■ What to do
Please output each entry exactly as it appears.

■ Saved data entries

Content starts

text \<open>Otherwise the path between the two rungs, closed up along a run, is a closed walk
  crossing the ladder once in addition to its inner crossings.\<close>

lemma ladder_recrossing_inner_flow:
  assumes "no_inner_holes W" "is_ladder W l" "is_path_in W (p # seg @ [s])" "seg \<noteq> []"
    and "ladder_flow l p (hd seg) \<noteq> 0" "ladder_flow l (last seg) s \<noteq> 0" "snd p \<noteq> snd s"
  shows "walk_sum (ladder_flow l) seg \<noteq> 0"
proof
  assume seg_flow: "walk_sum (ladder_flow l) seg = 0"
  obtain b aL aR cL cR where l: "l = (b, aL, aR, cL, cR)" by (cases l)
  define q r where "q = hd seg" and "r = last seg"
  have path: "is_path_in W seg" "tri_adj p q" "p \<in> W"
    using assms(3,4) by (auto simp: is_path_in_iff successively_Cons successively_append_iff q_def)
  have "snd p = b \<and> snd q = b + 1 \<or> snd p = b + 1 \<and> snd q = b"
    "snd r = b \<and> snd s = b + 1 \<or> snd r = b + 1 \<and> snd s = b"
    unfolding q_def r_def by (rule ladder_flow_nonzero_rows[OF assms(5)[unfolded l]],
      rule ladder_flow_nonzero_rows[OF assms(6)[unfolded l]])
  then have row: "snd r = snd p" using assms(7) by arith
  have "\<exists>rw. is_path_in W rw \<and> hd rw = r \<and> last rw = p \<and>
      int (length rw) = \<bar>fst r - fst p\<bar> + 1 \<and> (\<forall>z\<in>set rw. snd z = snd r)"
    by (rule rung_endpoints_row_path[OF assms(2) assms(6)[folded r_def] assms(5)[folded q_def]
          insertI1 insertI1 row])
  then obtain rw where rw: "is_path_in W rw" "hd rw = r" "last rw = p" "\<forall>z\<in>set rw. snd z = snd r"
    by blast
  have return_edge: "is_path_in W (rw @ [q])"
    using rw path by (auto simp: is_path_in_iff successively_append_iff q_def)
  let ?C = "seg @ tl (rw @ [q])"
  have "hd (rw @ [q]) = last seg" using rw(1,2) by (simp add: is_path_in_iff r_def)
  then have C: "is_path_in W ?C" "hd ?C = q" "last ?C = q"
    using is_path_in_join[OF path(1) return_edge] by (simp_all add: q_def)
  then have "closed_walk ?C" by (auto simp: closed_walk_def is_path_in_iff)
  then have "walk_sum (ladder_flow l) ?C = 0"
    using ladder_flow_closed_walk[OF assms(1) _ _ assms(2)] C(1) by (simp add: is_path_in_iff)
  moreover have "walk_sum (ladder_flow l) rw = 0"
    using rw(4) ladder_flow_same_row by (intro walk_sum_eq_0) metis
  moreover have "walk_sum (ladder_flow l) (rw @ [q]) = walk_sum (ladder_flow l) rw + ladder_flow l p q"
    using rw(1,3) by (simp add: walk_sum_append is_path_in_iff)
  moreover have "walk_sum (ladder_flow l) ?C =
      walk_sum (ladder_flow l) seg + walk_sum (ladder_flow l) (rw @ [q])"
    using path(1) rw(1,2) by (intro walk_sum_join) (auto simp: is_path_in_iff r_def)
  ultimately show False using seg_flow assms(5) by (simp add: q_def)
qed

lemma geodesic_crosses_ladder_at_most_once:
  assumes "no_inner_holes W" "geodesic W ps" "is_ladder W l"
  shows "walk_sum (\<lambda>x y. \<bar>ladder_flow l x y\<bar>) ps \<le> 1"
proof (rule ccontr)
  assume "\<not> ?thesis"
  then have "walk_sum (\<lambda>x y. \<bar>ladder_flow l x y\<bar>) ps \<ge> 2" by simp
  then obtain pre p seg s post where ps: "ps = pre @ p # seg @ s # post" "seg \<noteq> []"
    and flow: "ladder_flow l p (hd seg) \<noteq> 0" "ladder_flow l (last seg) s \<noteq> 0"
    and inner: "walk_sum (\<lambda>x y. \<bar>ladder_flow l x y\<bar>) seg = 0"
    by (rule walk_sum_consecutive_nonzero_edges) (rule ladder_flow_bound)
  have "geodesic W (p # seg @ [s])" using geodesic_infix[of W pre "p # seg @ [s]" post] assms(2) ps(1) by simp
  then have "snd p \<noteq> snd s" "is_path_in W (p # seg @ [s])"
    using geodesic_ladder_recrossing_changes_row[OF assms(3) _ ps(2) flow] by (auto simp: geodesic_def)
  then have "walk_sum (ladder_flow l) seg \<noteq> 0"
    using ladder_recrossing_inner_flow[OF assms(1,3) _ ps(2) flow] by blast
  then show False using walk_sum_abs_eq_0[OF inner] by simp
qed

lemma finite_ladders:
  assumes "finite W"
  shows "finite {l. is_ladder W l}"
proof (rule finite_subset)
  show "{l. is_ladder W l} \<subseteq> snd ` W \<times> fst ` W \<times> fst ` W \<times> fst ` W \<times> fst ` W"
  proof
    fix l assume "l \<in> {l. is_ladder W l}"
    moreover obtain b aL aR cL cR where l: "l = (b, aL, aR, cL, cR)" by (cases l)
    ultimately have "(aL, b) \<in> W" "(aR, b) \<in> W" "(cL, b + 1) \<in> W" "(cR, b + 1) \<in> W"
      by (auto simp: maximal_run_def)
    then show "l \<in> snd ` W \<times> fst ` W \<times> fst ` W \<times> fst ` W \<times> fst ` W"
      unfolding l by (force intro: image_eqI)
  qed
qed (use assms in simp)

Content ends

■ Result of this task
text \<open>Otherwise the path between the two rungs, closed up along a run, is a closed walk
  crossing the ladder once in addition to its inner crossings.\<close>

lemma ladder_recrossing_inner_flow:
  assumes "no_inner_holes W" "is_ladder W l" "is_path_in W (p # seg @ [s])" "seg \<noteq> []"
    and "ladder_flow l p (hd seg) \<noteq> 0" "ladder_flow l (last seg) s \<noteq> 0" "snd p \<noteq> snd s"
  shows "walk_sum (ladder_flow l) seg \<noteq> 0"
proof
  assume seg_flow: "walk_sum (ladder_flow l) seg = 0"
  obtain b aL aR cL cR where l: "l = (b, aL, aR, cL, cR)" by (cases l)
  define q r where "q = hd seg" and "r = last seg"
  have path: "is_path_in W seg" "tri_adj p q" "p \<in> W"
    using assms(3,4) by (auto simp: is_path_in_iff successively_Cons successively_append_iff q_def)
  have "snd p = b \<and> snd q = b + 1 \<or> snd p = b + 1 \<and> snd q = b"
    "snd r = b \<and> snd s = b + 1 \<or> snd r = b + 1 \<and> snd s = b"
    unfolding q_def r_def by (rule ladder_flow_nonzero_rows[OF assms(5)[unfolded l]],
      rule ladder_flow_nonzero_rows[OF assms(6)[unfolded l]])
  then have row: "snd r = snd p" using assms(7) by arith
  have "\<exists>rw. is_path_in W rw \<and> hd rw = r \<and> last rw = p \<and>
      int (length rw) = \<bar>fst r - fst p\<bar> + 1 \<and> (\<forall>z\<in>set rw. snd z = snd r)"
    by (rule rung_endpoints_row_path[OF assms(2) assms(6)[folded r_def] assms(5)[folded q_def]
          insertI1 insertI1 row])
  then obtain rw where rw: "is_path_in W rw" "hd rw = r" "last rw = p" "\<forall>z\<in>set rw. snd z = snd r"
    by blast
  have return_edge: "is_path_in W (rw @ [q])"
    using rw path by (auto simp: is_path_in_iff successively_append_iff q_def)
  let ?C = "seg @ tl (rw @ [q])"
  have "hd (rw @ [q]) = last seg" using rw(1,2) by (simp add: is_path_in_iff r_def)
  then have C: "is_path_in W ?C" "hd ?C = q" "last ?C = q"
    using is_path_in_join[OF path(1) return_edge] by (simp_all add: q_def)
  then have "closed_walk ?C" by (auto simp: closed_walk_def is_path_in_iff)
  then have "walk_sum (ladder_flow l) ?C = 0"
    using ladder_flow_closed_walk[OF assms(1) _ _ assms(2)] C(1) by (simp add: is_path_in_iff)
  moreover have "walk_sum (ladder_flow l) rw = 0"
    using rw(4) ladder_flow_same_row by (intro walk_sum_eq_0) metis
  moreover have "walk_sum (ladder_flow l) (rw @ [q]) = walk_sum (ladder_flow l) rw + ladder_flow l p q"
    using rw(1,3) by (simp add: walk_sum_append is_path_in_iff)
  moreover have "walk_sum (ladder_flow l) ?C =
      walk_sum (ladder_flow l) seg + walk_sum (ladder_flow l) (rw @ [q])"
    using path(1) rw(1,2) by (intro walk_sum_join) (auto simp: is_path_in_iff r_def)
  ultimately show False using seg_flow assms(5) by (simp add: q_def)
qed

lemma geodesic_crosses_ladder_at_most_once:
  assumes "no_inner_holes W" "geodesic W ps" "is_ladder W l"
  shows "walk_sum (\<lambda>x y. \<bar>ladder_flow l x y\<bar>) ps \<le> 1"
proof (rule ccontr)
  assume "\<not> ?thesis"
  then have "walk_sum (\<lambda>x y. \<bar>ladder_flow l x y\<bar>) ps \<ge> 2" by simp
  then obtain pre p seg s post where ps: "ps = pre @ p # seg @ s # post" "seg \<noteq> []"
    and flow: "ladder_flow l p (hd seg) \<noteq> 0" "ladder_flow l (last seg) s \<noteq> 0"
    and inner: "walk_sum (\<lambda>x y. \<bar>ladder_flow l x y\<bar>) seg = 0"
    by (rule walk_sum_consecutive_nonzero_edges) (rule ladder_flow_bound)
  have "geodesic W (p # seg @ [s])" using geodesic_infix[of W pre "p # seg @ [s]" post] assms(2) ps(1) by simp
  then have "snd p \<noteq> snd s" "is_path_in W (p # seg @ [s])"
    using geodesic_ladder_recrossing_changes_row[OF assms(3) _ ps(2) flow] by (auto simp: geodesic_def)
  then have "walk_sum (ladder_flow l) seg \<noteq> 0"
    using ladder_recrossing_inner_flow[OF assms(1,3) _ ps(2) flow] by blast
  then show False using walk_sum_abs_eq_0[OF inner] by simp
qed

lemma finite_ladders:
  assumes "finite W"
  shows "finite {l. is_ladder W l}"
proof (rule finite_subset)
  show "{l. is_ladder W l} \<subseteq> snd ` W \<times> fst ` W \<times> fst ` W \<times> fst ` W \<times> fst ` W"
  proof
    fix l assume "l \<in> {l. is_ladder W l}"
    moreover obtain b aL aR cL cR where l: "l = (b, aL, aR, cL, cR)" by (cases l)
    ultimately have "(aL, b) \<in> W" "(aR, b) \<in> W" "(cL, b + 1) \<in> W" "(cR, b + 1) \<in> W"
      by (auto simp: maximal_run_def)
    then show "l \<in> snd ` W \<times> fst ` W \<times> fst ` W \<times> fst ` W \<times> fst ` W"
      unfolding l by (force intro: image_eqI)
  qed
qed (use assms in simp)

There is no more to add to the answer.